* _Task requirements_: Retype the records that come next, word for word.

+++

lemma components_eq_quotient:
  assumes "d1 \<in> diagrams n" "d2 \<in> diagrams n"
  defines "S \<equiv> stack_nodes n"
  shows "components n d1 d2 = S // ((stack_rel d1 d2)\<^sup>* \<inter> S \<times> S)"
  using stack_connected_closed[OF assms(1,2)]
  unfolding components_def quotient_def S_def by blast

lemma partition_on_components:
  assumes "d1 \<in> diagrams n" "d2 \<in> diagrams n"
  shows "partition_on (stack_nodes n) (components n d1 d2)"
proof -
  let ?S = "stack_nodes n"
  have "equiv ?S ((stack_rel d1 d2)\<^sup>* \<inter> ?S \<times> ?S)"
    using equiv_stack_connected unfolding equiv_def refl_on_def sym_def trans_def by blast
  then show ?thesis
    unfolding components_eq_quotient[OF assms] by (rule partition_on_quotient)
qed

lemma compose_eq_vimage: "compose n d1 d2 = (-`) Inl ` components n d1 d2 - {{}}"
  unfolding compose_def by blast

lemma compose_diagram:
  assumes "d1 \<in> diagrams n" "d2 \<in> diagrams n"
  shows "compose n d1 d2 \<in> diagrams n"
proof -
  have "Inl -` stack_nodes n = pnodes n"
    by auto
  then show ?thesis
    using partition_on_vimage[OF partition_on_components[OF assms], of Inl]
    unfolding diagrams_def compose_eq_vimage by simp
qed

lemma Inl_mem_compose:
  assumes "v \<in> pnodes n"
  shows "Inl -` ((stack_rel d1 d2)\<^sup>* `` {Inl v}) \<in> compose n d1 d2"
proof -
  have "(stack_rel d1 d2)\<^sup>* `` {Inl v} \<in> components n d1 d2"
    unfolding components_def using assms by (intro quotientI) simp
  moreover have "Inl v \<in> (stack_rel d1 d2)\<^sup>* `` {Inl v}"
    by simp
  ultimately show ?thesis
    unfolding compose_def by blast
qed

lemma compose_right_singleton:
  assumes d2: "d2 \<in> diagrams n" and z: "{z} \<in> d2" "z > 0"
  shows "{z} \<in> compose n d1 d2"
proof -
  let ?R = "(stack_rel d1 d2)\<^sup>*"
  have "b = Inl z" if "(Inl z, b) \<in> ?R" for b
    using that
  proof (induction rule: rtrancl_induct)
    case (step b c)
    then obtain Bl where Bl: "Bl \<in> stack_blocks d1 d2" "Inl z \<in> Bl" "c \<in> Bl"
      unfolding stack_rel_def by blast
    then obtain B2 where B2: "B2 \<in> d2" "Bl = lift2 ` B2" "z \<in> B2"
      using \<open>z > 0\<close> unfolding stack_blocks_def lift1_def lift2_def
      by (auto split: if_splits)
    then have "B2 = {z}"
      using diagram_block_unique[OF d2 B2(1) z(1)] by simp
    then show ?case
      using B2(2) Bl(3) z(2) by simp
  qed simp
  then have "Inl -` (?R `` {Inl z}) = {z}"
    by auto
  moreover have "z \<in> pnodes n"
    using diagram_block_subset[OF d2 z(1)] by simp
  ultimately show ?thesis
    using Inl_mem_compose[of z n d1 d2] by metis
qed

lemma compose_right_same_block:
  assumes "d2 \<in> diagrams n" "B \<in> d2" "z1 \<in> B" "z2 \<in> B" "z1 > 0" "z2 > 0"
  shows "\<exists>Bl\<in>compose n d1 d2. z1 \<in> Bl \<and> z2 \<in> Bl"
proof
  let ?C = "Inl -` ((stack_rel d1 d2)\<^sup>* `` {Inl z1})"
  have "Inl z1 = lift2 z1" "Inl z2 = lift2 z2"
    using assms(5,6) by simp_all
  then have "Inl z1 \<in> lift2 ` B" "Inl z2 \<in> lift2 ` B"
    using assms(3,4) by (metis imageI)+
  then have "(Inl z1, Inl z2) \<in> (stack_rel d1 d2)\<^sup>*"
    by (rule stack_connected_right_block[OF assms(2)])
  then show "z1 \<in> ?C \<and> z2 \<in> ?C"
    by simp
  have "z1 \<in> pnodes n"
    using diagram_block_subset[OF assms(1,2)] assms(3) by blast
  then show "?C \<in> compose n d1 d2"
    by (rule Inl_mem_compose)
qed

+++

* _Answer to this task_:
lemma components_eq_quotient:
  assumes "d1 \<in> diagrams n" "d2 \<in> diagrams n"
  defines "S \<equiv> stack_nodes n"
  shows "components n d1 d2 = S // ((stack_rel d1 d2)\<^sup>* \<inter> S \<times> S)"
  using stack_connected_closed[OF assms(1,2)]
  unfolding components_def quotient_def S_def by blast

lemma partition_on_components:
  assumes "d1 \<in> diagrams n" "d2 \<in> diagrams n"
  shows "partition_on (stack_nodes n) (components n d1 d2)"
proof -
  let ?S = "stack_nodes n"
  have "equiv ?S ((stack_rel d1 d2)\<^sup>* \<inter> ?S \<times> ?S)"
    using equiv_stack_connected unfolding equiv_def refl_on_def sym_def trans_def by blast
  then show ?thesis
    unfolding components_eq_quotient[OF assms] by (rule partition_on_quotient)
qed

lemma compose_eq_vimage: "compose n d1 d2 = (-`) Inl ` components n d1 d2 - {{}}"
  unfolding compose_def by blast

lemma compose_diagram:
  assumes "d1 \<in> diagrams n" "d2 \<in> diagrams n"
  shows "compose n d1 d2 \<in> diagrams n"
proof -
  have "Inl -` stack_nodes n = pnodes n"
    by auto
  then show ?thesis
    using partition_on_vimage[OF partition_on_components[OF assms], of Inl]
    unfolding diagrams_def compose_eq_vimage by simp
qed

lemma Inl_mem_compose:
  assumes "v \<in> pnodes n"
  shows "Inl -` ((stack_rel d1 d2)\<^sup>* `` {Inl v}) \<in> compose n d1 d2"
proof -
  have "(stack_rel d1 d2)\<^sup>* `` {Inl v} \<in> components n d1 d2"
    unfolding components_def using assms by (intro quotientI) simp
  moreover have "Inl v \<in> (stack_rel d1 d2)\<^sup>* `` {Inl v}"
    by simp
  ultimately show ?thesis
    unfolding compose_def by blast
qed

lemma compose_right_singleton:
  assumes d2: "d2 \<in> diagrams n" and z: "{z} \<in> d2" "z > 0"
  shows "{z} \<in> compose n d1 d2"
proof -
  let ?R = "(stack_rel d1 d2)\<^sup>*"
  have "b = Inl z" if "(Inl z, b) \<in> ?R" for b
    using that
  proof (induction rule: rtrancl_induct)
    case (step b c)
    then obtain Bl where Bl: "Bl \<in> stack_blocks d1 d2" "Inl z \<in> Bl" "c \<in> Bl"
      unfolding stack_rel_def by blast
    then obtain B2 where B2: "B2 \<in> d2" "Bl = lift2 ` B2" "z \<in> B2"
      using \<open>z > 0\<close> unfolding stack_blocks_def lift1_def lift2_def
      by (auto split: if_splits)
    then have "B2 = {z}"
      using diagram_block_unique[OF d2 B2(1) z(1)] by simp
    then show ?case
      using B2(2) Bl(3) z(2) by simp
  qed simp
  then have "Inl -` (?R `` {Inl z}) = {z}"
    by auto
  moreover have "z \<in> pnodes n"
    using diagram_block_subset[OF d2 z(1)] by simp
  ultimately show ?thesis
    using Inl_mem_compose[of z n d1 d2] by metis
qed

lemma compose_right_same_block:
  assumes "d2 \<in> diagrams n" "B \<in> d2" "z1 \<in> B" "z2 \<in> B" "z1 > 0" "z2 > 0"
  shows "\<exists>Bl\<in>compose n d1 d2. z1 \<in> Bl \<and> z2 \<in> Bl"
proof
  let ?C = "Inl -` ((stack_rel d1 d2)\<^sup>* `` {Inl z1})"
  have "Inl z1 = lift2 z1" "Inl z2 = lift2 z2"
    using assms(5,6) by simp_all
  then have "Inl z1 \<in> lift2 ` B" "Inl z2 \<in> lift2 ` B"
    using assms(3,4) by (metis imageI)+
  then have "(Inl z1, Inl z2) \<in> (stack_rel d1 d2)\<^sup>*"
    by (rule stack_connected_right_block[OF assms(2)])
  then show "z1 \<in> ?C \<and> z2 \<in> ?C"
    by simp
  have "z1 \<in> pnodes n"
    using diagram_block_subset[OF assms(1,2)] assms(3) by blast
  then show "?C \<in> compose n d1 d2"
    by (rule Inl_mem_compose)
qed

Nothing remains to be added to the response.